Chinese Breakfast | ||||||||||||||||||||||
Tired of cornflakes and milk? Start your day with a Chinese breakfast | ||||||||||||||||||||||
What do the Chinese eat for breakfast? This isn't a question that's likely to arise in the average cooking class. Like dessert, we don't tend to think of breakfast in connection with Chinese cooking. And the truth is that many westerners would be reluctant to try it. While we think of rice as belonging at the dinner table, in many parts of China this nutritious staple is consumed three times daily, including for breakfast. Nonetheless, there's more similarity between a Chinese and western breakfast than it would first appear. Many Chinese begin their day with a warm bowl of congee, a watery rice gruel that bears a marked resemblance to porridge.

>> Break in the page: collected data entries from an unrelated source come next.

lemma card_closed_cube_nbhd_mono:
  assumes "Y \<subseteq> S" "finite S" "finite I"
  shows "card Y + card (cube_boundary I Y) \<le> card S + card (cube_boundary I S)"
proof -
  have fin: "finite Y" "finite (cube_boundary I Y)" "finite (cube_boundary I S)"
    using assms finite_subset finite_cube_boundary by blast+
  have "Y \<union> cube_boundary I Y \<subseteq> S \<union> cube_boundary I S"
    using assms(1) by (auto simp: cube_boundary_def)
  then have "card (Y \<union> cube_boundary I Y) \<le> card (S \<union> cube_boundary I S)"
    using fin assms(2) by (simp add: card_mono)
  moreover have "Y \<inter> cube_boundary I Y = {}" "S \<inter> cube_boundary I S = {}"
    by (auto simp: cube_boundary_def)
  ultimately show ?thesis using fin assms(2) by (simp add: card_Un_disjoint)
qed

section \<open>Clusters of the dual cube\<close>

text \<open>A vertex of D_n is x @ y @ [c] with |x| = |y| = n - 1.  Edges inside class c
  change a bit of x (c false) or of y (c true); these "cluster" edges form a copy of the
  (n-1)-cube on the vertices sharing c and the other half.  The cross edge flips c.\<close>

definition cluster_dirs :: "nat \<Rightarrow> bool \<Rightarrow> nat set" where
  "cluster_dirs n c = (if c then {n-1..<2*n-2} else {..<n-1})"

definition cluster :: "nat \<Rightarrow> bool list \<Rightarrow> bool \<times> bool list" where
  "cluster n v = (v ! (2*n-2), if v ! (2*n-2) then take (n-1) v else take (n-1) (drop (n-1) v))"

lemma cluster_dirs_subset: "cluster_dirs n c \<subseteq> {..<2*n-2}"
  by (auto simp: cluster_dirs_def)

lemma card_cluster_dirs: "n \<ge> 2 \<Longrightarrow> card (cluster_dirs n c) = n - 1"
  by (auto simp: cluster_dirs_def)

lemma finite_dc_verts: "finite (dc_verts n)"
proof -
  have "dc_verts n = {xs. set xs \<subseteq> UNIV \<and> length xs = 2*n-1}" by (auto simp: dc_verts_def)
  then show ?thesis using finite_lists_length_eq[of "UNIV :: bool set"] by simp
qed

lemma dc_adj_imp_flip_bit:
  assumes n: "n \<ge> 2" and adj: "dc_adj n u v"
  shows "length u = 2*n-1 \<and> (v = flip_bit (2*n-2) u \<or> (\<exists>i\<in>cluster_dirs n (u ! (2*n-2)). v = flip_bit i u))"
proof -
  have lu: "length u = 2*n-1" and lv: "length v = 2*n-1" using adj by (auto simp: dc_adj_def dc_verts_def)
  from adj obtain i where i: "1 \<le> i" "i \<le> 2*n-1" "u ! (i-1) \<noteq> v ! (i-1)"
    and others: "\<forall>j. 1 \<le> j \<and> j \<le> 2*n - 1 \<and> j \<noteq> i \<longrightarrow> u ! (j-1) = v ! (j-1)"
    and class0: "1 \<le> i \<and> i \<le> n - 1 \<longrightarrow> \<not> u ! (2*n-2) \<and> \<not> v ! (2*n-2)"
    and class1: "n \<le> i \<and> i \<le> 2*n - 2 \<longrightarrow> u ! (2*n-2) \<and> v ! (2*n-2)"
    unfolding dc_adj_def by blast
  have v: "v = flip_bit (i-1) u"
  proof (rule nth_equalityI)
    fix j assume "j < length v"
    then show "v ! j = flip_bit (i-1) u ! j"
      using i lu lv others[rule_format, of "j+1"] by (cases "j = i - 1") (auto simp: nth_flip_bit)
  qed (use lu lv in simp)
  have "i - 1 = 2*n-2 \<or> i - 1 \<in> cluster_dirs n (u ! (2*n-2))"
    using i class0 class1 by (cases "i \<le> n - 1") (auto simp: cluster_dirs_def)
  then show ?thesis using v lu by auto
qed

lemma dc_adj_flip_bit:
  assumes n: "n \<ge> 2" and u: "length u = 2*n-1"
    and i: "i = 2*n-2 \<or> i \<in> cluster_dirs n (u ! (2*n-2))"
  shows "dc_adj n u (flip_bit i u)"
proof -
  define v where "v = flip_bit i u"
  have i_less: "i < 2*n-1" using i n cluster_dirs_subset by fastforce
  have same_class: "i \<noteq> 2*n-2 \<Longrightarrow> v ! (2*n-2) = u ! (2*n-2)"
    using u n i_less by (auto simp: v_def nth_flip_bit)
  have "dc_adj n u v"
    unfolding dc_adj_def
  proof (intro conjI exI[of _ "i+1"])
    show "u \<in> dc_verts n" "v \<in> dc_verts n" using u by (auto simp: dc_verts_def v_def)
    show "1 \<le> i + 1" "i + 1 \<le> 2*n-1" using i_less by auto
    show "u ! (i + 1 - 1) \<noteq> v ! (i + 1 - 1)" using u i_less by (simp add: v_def nth_flip_bit)
    show "\<forall>j. 1 \<le> j \<and> j \<le> 2 * n - 1 \<and> j \<noteq> i + 1 \<longrightarrow> u ! (j - 1) = v ! (j - 1)"
      using u i_less by (auto simp: v_def nth_flip_bit)
    show "1 \<le> i + 1 \<and> i + 1 \<le> n - 1 \<longrightarrow> \<not> u ! (2 * n - 2) \<and> \<not> v ! (2 * n - 2)"
      using i same_class n by (cases "i = 2*n-2") (auto simp: cluster_dirs_def split: if_splits)
    show "n \<le> i + 1 \<and> i + 1 \<le> 2 * n - 2 \<longrightarrow> u ! (2 * n - 2) \<and> v ! (2 * n - 2)"
      using i same_class n by (cases "i = 2*n-2") (auto simp: cluster_dirs_def split: if_splits)
  qed
  then show ?thesis by (simp add: v_def)
qed

lemma dc_adj_iff:
  assumes n: "n \<ge> 2"
  shows "dc_adj n u v \<longleftrightarrow> length u = 2*n-1 \<and>
     (v = flip_bit (2*n-2) u \<or> (\<exists>i\<in>cluster_dirs n (u ! (2*n-2)). v = flip_bit i u))"
  using dc_adj_imp_flip_bit[OF n] dc_adj_flip_bit[OF n] by blast

lemma dc_adj_sym:
  assumes "dc_adj n u v"
  shows "dc_adj n v u"
proof -
  obtain i where "1 \<le> i \<and> i \<le> 2*n - 1 \<and> u ! (i-1) \<noteq> v ! (i-1) \<and>
          (\<forall>j. 1 \<le> j \<and> j \<le> 2*n - 1 \<and> j \<noteq> i \<longrightarrow> u ! (j-1) = v ! (j-1)) \<and>
          (1 \<le> i \<and> i \<le> n - 1 \<longrightarrow> \<not> u ! (2*n-2) \<and> \<not> v ! (2*n-2)) \<and>
          (n \<le> i \<and> i \<le> 2*n - 2 \<longrightarrow> u ! (2*n-2) \<and> v ! (2*n-2))"
    using assms unfolding dc_adj_def by blast
  then show ?thesis using assms unfolding dc_adj_def by (intro conjI exI[of _ i]) auto
qed

lemma dc_adj_verts: "dc_adj n u v \<Longrightarrow> v \<in> dc_verts n"
  by (simp add: dc_adj_def)

lemma cluster_flip_bit:
  assumes n: "n \<ge> 2" and v: "length v = 2*n-1" and i: "i \<in> cluster_dirs n (v ! (2*n-2))"
  shows "cluster n (flip_bit i v) = cluster n v" "flip_bit i v ! (2*n-2) = v ! (2*n-2)"
proof -
  have "i < 2*n-2" using i cluster_dirs_subset by blast
  then show last_bit: "flip_bit i v ! (2*n-2) = v ! (2*n-2)" using v by (simp add: nth_flip_bit)
  show "cluster n (flip_bit i v) = cluster n v"
    using i last_bit by (cases "v ! (2*n-2)") (simp_all add: cluster_def cluster_dirs_def flip_bit_def)
qed

lemma nth_eq_if_cluster_eq:
  assumes n: "n \<ge> 2" and uv: "length u = 2*n-1" "length v = 2*n-1" "cluster n u = cluster n v"
    and j: "j < 2*n-1" "j \<notin> cluster_dirs n (u ! (2*n-2))"
  shows "u ! j = v ! j"
proof -
  have last_bit: "u ! (2*n-2) = v ! (2*n-2)" using uv(3) by (simp add: cluster_def)
  consider "j = 2*n-2" | "u ! (2*n-2)" "j < n - 1" | "\<not> u ! (2*n-2)" "n - 1 \<le> j" "j - (n-1) < n - 1"
    using j n by (cases "j = 2*n-2"; cases "u ! (2*n-2)") (auto simp: cluster_dirs_def)
  then show ?thesis
  proof cases
    case 2
    then have "take (n-1) u = take (n-1) v" using uv(3) last_bit by (simp add: cluster_def)
    then show ?thesis using 2 by (metis nth_take)
  next
    case 3
    then have "take (n-1) (drop (n-1) u) = take (n-1) (drop (n-1) v)" using uv(3) last_bit by (simp add: cluster_def)
    then have "drop (n-1) u ! (j - (n-1)) = drop (n-1) v ! (j - (n-1))" using 3 by (metis nth_take)
    then show ?thesis using 3 uv j by simp
  qed (use last_bit in simp)
qed

lemma eq_if_clusters_eq:
  assumes n: "n \<ge> 2" and uv: "length u = 2*n-1" "length v = 2*n-1" "cluster n u = cluster n v"
    and cross: "cluster n (flip_bit (2*n-2) u) = cluster n (flip_bit (2*n-2) v)"
  shows "u = v"
proof (rule nth_equalityI)
  fix j assume "j < length u"
  then have j: "j < 2*n-1" using uv by simp
  show "u ! j = v ! j"
  proof (cases "j \<in> cluster_dirs n (u ! (2*n-2))")
    case False then show ?thesis using nth_eq_if_cluster_eq[OF n uv j] by simp
  next
    case True
    have "flip_bit (2*n-2) u ! (2*n-2) = (\<not> u ! (2*n-2))" using uv n by (simp add: nth_flip_bit)
    then have "j \<notin> cluster_dirs n (flip_bit (2*n-2) u ! (2*n-2))" using True n by (auto simp: cluster_dirs_def)
    then have "flip_bit (2*n-2) u ! j = flip_bit (2*n-2) v ! j"
      using nth_eq_if_cluster_eq[OF n _ _ cross j(1)] uv by simp
    moreover have "j \<noteq> 2*n-2" using True cluster_dirs_subset by blast
    ultimately show ?thesis using uv j by (simp add: nth_flip_bit)
  qed
qed (use uv in simp)

lemma fst_cluster_cross:
  "n \<ge> 2 \<Longrightarrow> length v = 2*n-1 \<Longrightarrow> fst (cluster n (flip_bit (2*n-2) v)) = (\<not> fst (cluster n v))"
  by (simp add: cluster_def nth_flip_bit)

lemma cluster_append:
  assumes n: "n \<ge> 2" and x: "length x = n - 1" and y: "length y = n - 1"
  shows "cluster n (x @ y @ [c]) = (c, if c then x else y)"
    and "x @ y @ [c] \<in> dc_verts n"
    and "flip_bit (2*n-2) (x @ y @ [c]) = x @ y @ [\<not> c]"
proof -
  have i: "2*n-2 = length x + length y" using x y n by simp
  have last_bit: "(x @ y @ [c]) ! (2*n-2) = c" unfolding i by (simp add: nth_append)
  show "cluster n (x @ y @ [c]) = (c, if c then x else y)" using last_bit x y by (simp add: cluster_def)
  show "x @ y @ [c] \<in> dc_verts n" using x y n by (simp add: dc_verts_def)
  show "flip_bit (2*n-2) (x @ y @ [c]) = x @ y @ [\<not> c]"
    unfolding flip_bit_def last_bit unfolding i by (simp add: list_update_append)
qed

section \<open>Neighbourhoods in the dual cube\<close>

definition dc_boundary :: "nat \<Rightarrow> bool list set \<Rightarrow> bool list set" where
  "dc_boundary n B = {w. \<exists>v\<in>B. dc_adj n v w} - B"

lemma finite_dc_boundary: "finite (dc_boundary n B)"
proof -
  have "dc_boundary n B \<subseteq> dc_verts n" by (auto simp: dc_boundary_def dc_adj_def)
  then show ?thesis using finite_dc_verts finite_subset by blast
qed

lemma cube_boundary_class_subset:
  assumes n: "n \<ge> 2" and B: "B \<subseteq> dc_verts n"
  shows "cube_boundary (cluster_dirs n c) {v \<in> B. v ! (2*n-2) = c} \<subseteq> dc_boundary n B \<inter> {x. x ! (2*n-2) = c}"
proof
  fix x assume "x \<in> cube_boundary (cluster_dirs n c) {v \<in> B. v ! (2*n-2) = c}"
  then obtain v i where x: "x = flip_bit i v" "v \<in> B" "v ! (2*n-2) = c" "i \<in> cluster_dirs n c"
      "x \<notin> {v \<in> B. v ! (2*n-2) = c}"
    by (auto simp: cube_boundary_def)
  have "length v = 2*n-1" using x B by (auto simp: dc_verts_def)
  then have "dc_adj n v x" "x ! (2*n-2) = c"
    using x dc_adj_iff[OF n] cluster_flip_bit(2)[OF n] by auto
  then show "x \<in> dc_boundary n B \<inter> {x. x ! (2*n-2) = c}" using x by (auto simp: dc_boundary_def)
qed

lemma card_cube_boundary_cluster_dirs:
  assumes n: "n \<ge> 2" and B: "B \<subseteq> dc_verts n" "1 \<le> card B" "card B \<le> n - 1"
  shows "2 * card B * (n-1) + 2 \<le> 2 * card (cube_boundary (cluster_dirs n c) B) + card B * (card B + 1)"
proof -
  have "finite B" using B(1) finite_dc_verts finite_subset by blast
  moreover have "\<forall>v\<in>B. length v = 2*n-1" using B(1) by (auto simp: dc_verts_def)
  moreover have "cluster_dirs n c \<subseteq> {..<2*n-1}" using cluster_dirs_subset by fastforce
  ultimately show ?thesis
    using card_cube_boundary_ge[of B "2*n-1" "cluster_dirs n c"] B card_cluster_dirs[OF n] by simp
qed

lemma cross_image_subset_dc_boundary:
  assumes n: "n \<ge> 2" and B: "B \<subseteq> dc_verts n" "\<forall>v\<in>B. v ! (2*n-2) = c"
  shows "flip_bit (2*n-2) ` B \<subseteq> dc_boundary n B \<inter> {x. x ! (2*n-2) = (\<not> c)}"
    and "card (flip_bit (2*n-2) ` B) = card B"
proof -
  have len: "length v = 2*n-1" "2*n-2 < length v" if "v \<in> B" for v
    using that B(1) n by (auto simp: dc_verts_def)
  show "flip_bit (2*n-2) ` B \<subseteq> dc_boundary n B \<inter> {x. x ! (2*n-2) = (\<not> c)}"
  proof
    fix x assume "x \<in> flip_bit (2*n-2) ` B"
    then obtain v where v: "v \<in> B" "x = flip_bit (2*n-2) v" by blast
    then have "dc_adj n v x" "x ! (2*n-2) = (\<not> c)"
      using len[OF v(1)] B(2) dc_adj_iff[OF n] by (auto simp: nth_flip_bit)
    then show "x \<in> dc_boundary n B \<inter> {x. x ! (2*n-2) = (\<not> c)}"
      using v B(2) by (auto simp: dc_boundary_def)
  qed
  have "inj_on (flip_bit (2*n-2)) B" using len(2) by (rule inj_on_flip_bit)
  then show "card (flip_bit (2*n-2) ` B) = card B" by (rule card_image)
qed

But while even the most devoted fan of porridge would probably balk at being forced to consume the white stuff day after day, the variety of seasonings used to make congee ensure that it need not ever become boring. Congee can be sweet or savory; seasoned with everything from chicken to mushrooms. Often, the meat is marinated before being added to the rice. The word congee (also known as jook in Canton) comes from the Indian "kanji", which refers to the water in which the rice has been boiled. (In parts of India today the word congee still refers both to the boiled water and the rice dish itself). In Chinese Food, Kenneth Lo notes that congee serves two purposes - besides warming the body, it takes the place of a beverage, as the Chinese don't normally serve cold drinks.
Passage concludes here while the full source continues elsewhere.